The present study demonstrates that GMFG is required for the migration and chemotaxis of human T-lymphocytes. The loss of GMFG results in reduced cell migration which appears to be associated with altered integrin expression and increased cell adhesion. These results suggest that GMFG may be required for the proper control of cellular adhesion which is essential for cell movement.


GMFG is present in the pseudopodia of SDF1 treated T-lymphocytes

The intent of our studies was to examine the roles of proteins found in the pseudopodia of chemotactically stimulated lymphocytes. Pseudopodia of SDF1 stimulated Jurkat cells were isolated from the undersides of transwell insert membranes containing 3 μm pores. The pores prevented full transmigration but did permit pseudopodia extensions through the membrane pores. The proteins in the pseudopodia were subsequently identified by mass spectrometry.
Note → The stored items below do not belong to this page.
(* If $G$ is an appended star of order $n$, maximum degree $\Delta=3$ and diameter at least $8$, then $\gamma^{\rm ID}(G)\le \frac23 n=\left(\frac{\Delta-1}{\Delta}\right)n$.
   Context: An identifying code of a graph $G$ is a set $C\subseteq V(G)$ such that every vertex $v$ has $N[v]\cap C\neq\emptyset$ and for all distinct $u,v$, $N[u]\cap C \ne N[v]\cap C$, where $N[v]$ is the closed neighborhood; $\gamma^{\rm ID}(G)$ is its minimum size. A $k$-star is $K_{1,k}$. For a graph $G'$, a vertex $v$ of $G'$ and a star $S$, $G'\rhd_v S$ is the graph obtained from the disjoint union of $G'$ and $S$ by identifying $v$ with a leaf of $S$. An appended star is a graph $G_p$ obtained as follows: $G_0=S_0$ is a $\Delta_0$-star with $\Delta_0\ge3$, and for $i=1,\dots,p$, $G_i=G_{i-1}\rhd_{v_{i-1}}S_i$ where $S_i$ is a $\Delta_i$-star with $\Delta_i\ge 3$ and $v_{i-1}$ is a vertex of $G_{i-1}$. *)

theory Defs
  imports Main
begin

type_synonym 'a graph = "'a set \<times> 'a set set"

definition verts :: "'a graph \<Rightarrow> 'a set" where "verts G = fst G"
definition edges :: "'a graph \<Rightarrow> 'a set set" where "edges G = snd G"

definition adj :: "'a graph \<Rightarrow> 'a \<Rightarrow> 'a \<Rightarrow> bool" where
  "adj G u v \<longleftrightarrow> {u, v} \<in> edges G \<and> u \<noteq> v"

definition open_nbhd :: "'a graph \<Rightarrow> 'a \<Rightarrow> 'a set" where
  "open_nbhd G v = {u \<in> verts G. adj G v u}"

definition closed_nbhd :: "'a graph \<Rightarrow> 'a \<Rightarrow> 'a set" where
  "closed_nbhd G v = insert v (open_nbhd G v)"

definition degree :: "'a graph \<Rightarrow> 'a \<Rightarrow> nat" where
  "degree G v = card (open_nbhd G v)"

definition max_degree :: "'a graph \<Rightarrow> nat" where
  "max_degree G = Max (degree G ` verts G)"

definition adj_rel :: "'a graph \<Rightarrow> ('a \<times> 'a) set" where
  "adj_rel G = {(u, v). u \<in> verts G \<and> v \<in> verts G \<and> adj G u v}"

definition dist :: "'a graph \<Rightarrow> 'a \<Rightarrow> 'a \<Rightarrow> nat" where
  "dist G u v = (LEAST k. (u, v) \<in> (adj_rel G) ^^ k)"

definition diameter :: "'a graph \<Rightarrow> nat" where
  "diameter G = Max {dist G u v | u v. u \<in> verts G \<and> v \<in> verts G}"
definition linear_form :: "nat \<Rightarrow> (nat \<Rightarrow> int) \<Rightarrow> (nat \<Rightarrow> nat) \<Rightarrow> int" where
  "linear_form n z m = (\<Sum>j<n. z j * int (m j))"

lemma linear_form_upd:
  assumes "j < n"
  shows "linear_form n z (m(j := v)) = linear_form n z m + z j * (int v - int (m j))"
proof -
  have "linear_form n z (m(j := v)) = (\<Sum>i<n. z i * int (m i) + (if i = j then z j * (int v - int (m j)) else 0))"
    unfolding linear_form_def by (intro sum.cong) (auto simp: algebra_simps)
  then show ?thesis using assms by (simp add: sum.distrib linear_form_def)
qed

lemma card_linear_form_residue:
  assumes d_pos: "d > 0" and j: "j \<in> J" "j < n" and cop: "coprime (z j) (int d)"
  shows "d * card {m \<in> cylinder n d J m0. linear_form n z m mod int d = k mod int d}
    = card (cylinder n d J m0)"
proof -
  define \<sigma> where "\<sigma> m = m(j := Suc (m j) mod d)" for m :: "nat \<Rightarrow> nat"
  have into: "\<sigma> ` cylinder n d J m0 \<subseteq> cylinder n d J m0"
    using j d_pos by (auto simp: \<sigma>_def outputs_def)
  have "inj_on \<sigma> (cylinder n d J m0)"
  proof (rule inj_onI)
    fix m m' assume "m \<in> cylinder n d J m0" "m' \<in> cylinder n d J m0" and eq: "\<sigma> m = \<sigma> m'"
    then have "m j < d" "m' j < d" using j by (auto simp: outputs_def)
    moreover have "Suc (m j) mod d = Suc (m' j) mod d" using fun_cong[OF eq, of j] by (simp add: \<sigma>_def)
    ultimately have "m j = m' j" by (metis mod_less mod_Suc Suc_lessI nat.distinct(1) Suc_inject)
    then show "m = m'" using eq unfolding \<sigma>_def by (metis fun_upd_triv fun_upd_upd)
  qed
  moreover have "linear_form n z (\<sigma> m) mod int d = (linear_form n z m + z j) mod int d" for m
  proof -
    have "int (Suc (m j) mod d) mod int d = (int (m j) + 1) mod int d"
      by (metis int_ops(9) int_ops(2) int_ops(5) mod_mod_trivial Suc_eq_plus1)
    then have "(z j * (int (Suc (m j) mod d) - int (m j))) mod int d = z j mod int d"
      by (metis add_diff_cancel_left' mod_diff_left_eq mod_mult_right_eq mult.right_neutral)
    then show ?thesis unfolding \<sigma>_def linear_form_upd[OF j(2)] by (metis mod_add_right_eq)
  qed
  moreover have "finite (cylinder n d J m0)" using finite_outputs[OF d_pos] by simp
  ultimately show ?thesis
    using card_residue_fibre_uniform[where \<sigma> = \<sigma> and w = "linear_form n z", OF _ into _ _ cop d_pos]
    by blast
qed

lemma linear_form_swap: "linear_form n (\<lambda>j. int (a j)) m = linear_form n (\<lambda>j. int (m j)) a"
  unfolding linear_form_def by (simp add: mult.commute)

lemma linear_form_diff_weights:
  "linear_form n (\<lambda>j. z j - z' j) a = linear_form n z a - linear_form n z' a"
  unfolding linear_form_def by (simp add: algebra_simps sum_subtractf)

lemma linear_form_const_weights: "linear_form n (\<lambda>_. b) m = b * int (\<Sum>j<n. m j)"
  unfolding linear_form_def by (simp add: sum_distrib_left)

lemma card_forms_agreeing:
  assumes prime: "prime d" and m: "m \<in> outputs n d" and m0: "m0 \<in> outputs n d" and "m \<noteq> m0"
  shows "d * card {a\<in>outputs n d. linear_form n (\<lambda>j. int (a j)) m mod int d
                                  = linear_form n (\<lambda>j. int (a j)) m0 mod int d} = d ^ n"
proof -
  have "\<exists>j<n. m j \<noteq> m0 j"
  proof (rule ccontr)
    assume agree: "\<not> (\<exists>j<n. m j \<noteq> m0 j)"
    have "m = m0"
    proof
      fix i show "m i = m0 i" using agree m m0 unfolding outputs_def by (cases "i < n") auto
    qed
    with \<open>m \<noteq> m0\<close> show False ..
  qed
  then obtain j where j: "j < n" "m j \<noteq> m0 j" by blast
  define z where "z j = int (m j) - int (m0 j)" for j
  have "m j < d" "m0 j < d" using m m0 j unfolding outputs_def by auto
  then have z_small: "\<bar>z j\<bar> < int d" and z_nonzero: "z j \<noteq> 0"
    using j unfolding z_def by auto
  have "\<not> int d dvd z j"
  proof
    assume "int d dvd z j"
    then have "\<bar>int d\<bar> \<le> \<bar>z j\<bar>" using dvd_imp_le_int z_nonzero by blast
    with z_small show False by simp
  qed
  moreover have "prime (int d)" using prime by simp
  ultimately have coprime: "coprime (z j) (int d)"
    using prime_imp_coprime coprime_commute by blast
  have "{a\<in>outputs n d. linear_form n (\<lambda>j. int (a j)) m mod int d
                       = linear_form n (\<lambda>j. int (a j)) m0 mod int d}
      = {a \<in> outputs n d. linear_form n z a mod int d = 0 mod int d}"
    unfolding z_def linear_form_diff_weights linear_form_swap[of _ _ m] linear_form_swap[of _ _ m0]
    by (simp add: mod_eq_dvd_iff dvd_eq_mod_eq_0)
  moreover have "d * card {a \<in> cylinder n d {..<n} m0. linear_form n z a mod int d = 0 mod int d}
      = card (cylinder n d {..<n} m0)"
    using prime_gt_0_nat[OF prime] j(1) coprime by (intro card_linear_form_residue) auto
  ultimately show ?thesis by (simp only: cylinder_all_parties card_outputs)
qed
lemma sum_powers_le_power:
  fixes x :: real assumes "x \<ge> 2" shows "(\<Sum>j<L. x ^ j) \<le> x ^ L"
proof (induction L)
  case (Suc L)
  then have "(\<Sum>j<Suc L. x ^ j) \<le> 2 * x ^ L"
    by simp
  also have "\<dots> \<le> x ^ Suc L"
    using assms by (simp add: mult_right_mono)
  finally show ?case .
qed simp

lemma sum_powers_below_floorlog:
  assumes "q \<ge> 2" "M > 0"
  shows "(\<Sum>j<floorlog q M. real q ^ j) \<le> real q * real M"
proof -
  have "q ^ floorlog q M \<le> q * M"
    using floorlog_bounds[OF assms(2), of q] assms(1)
    by (cases "floorlog q M") (auto simp: Suc_le_eq)
  then have "real q ^ floorlog q M \<le> real q * real M"
    by (simp flip: of_nat_power of_nat_mult)
  with sum_powers_le_power[of "real q" "floorlog q M"] assms(1) show ?thesis
    by simp
qed

definition near_powers :: "nat \<Rightarrow> nat \<Rightarrow> real \<Rightarrow> nat set" where
  "near_powers q c \<delta> = {n. \<exists>j. real q ^ j \<le> real c * real n \<and> real c * real n \<le> (1 + \<delta>) * real q ^ j}"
Glia maturation factor gamma was consistently identified by mass spectrometry in all of the pseudopodia isolates from SDF1 stimulated Jurkat. The peptides that were identified for GMFG are listed in Additional file 1. However, GMFG was not detected when the same amount of protein from whole cell lysates was examined by mass spectrometry under identical conditions. Clearly GMFG must be present in the lysates of cells that the pseudopodia were isolated from. However, the presence of GMFG was potentially masked by the presence of higher abundance proteins that were reduced in the pseudopodia preparations. A western blot based comparison of GMFG levels in pseudopodia and cell lysates, confirmed that GMFG was enriched ~1.5-fold in pseudopodia relative to whole cell lysates (Figure 1A&B). Immunofluorescence microscopy further demonstrated that GMFG was recruited to the leading edge of SDF1 stimulated IL-2 dependent peripheral blood T-lymphocytes (arrowheads, Figure 1C&E). However, GMFG was also detected throughout the cell body particularly in the region immediately behind the nuclei of migrating cells. Similar distributions were also observed in migrating Jurkat and CCRF-CEM cells (not shown). These results indicated that a component of the total cellular GMFG pool was recruited to the leading edges of migrating T cells and enriched relative to the cell bodies.

Figure 1
figure 1

GMFG is enriched in lymphocyte pseudopodia. Panel A) The proteins in isolated pseudopodia (PS) or whole cell lysates (WC) of Jurkat T cells separated by SDS-PAGE. The levels and protein patterns were determined by staining for total protein (left panels) and the levels of GMFG in each fraction were assessed by western blot (right panels). Panel B) Quantitation of the intensity of the GMFG bands observed in the western blots in A. The GMFG levels were 45% greater in the pseudopodia than in the whole cell lysate (n = 3, * p = 0.017). Panels C-F) Confocal images of GMFG distribution in IL-2 dependent T cells. C, E) Arrowheads indicate the presence of GMFG at the leading edge of the cell. D, F) Difference interference contrast images of the same cells for comparison of cell morphology.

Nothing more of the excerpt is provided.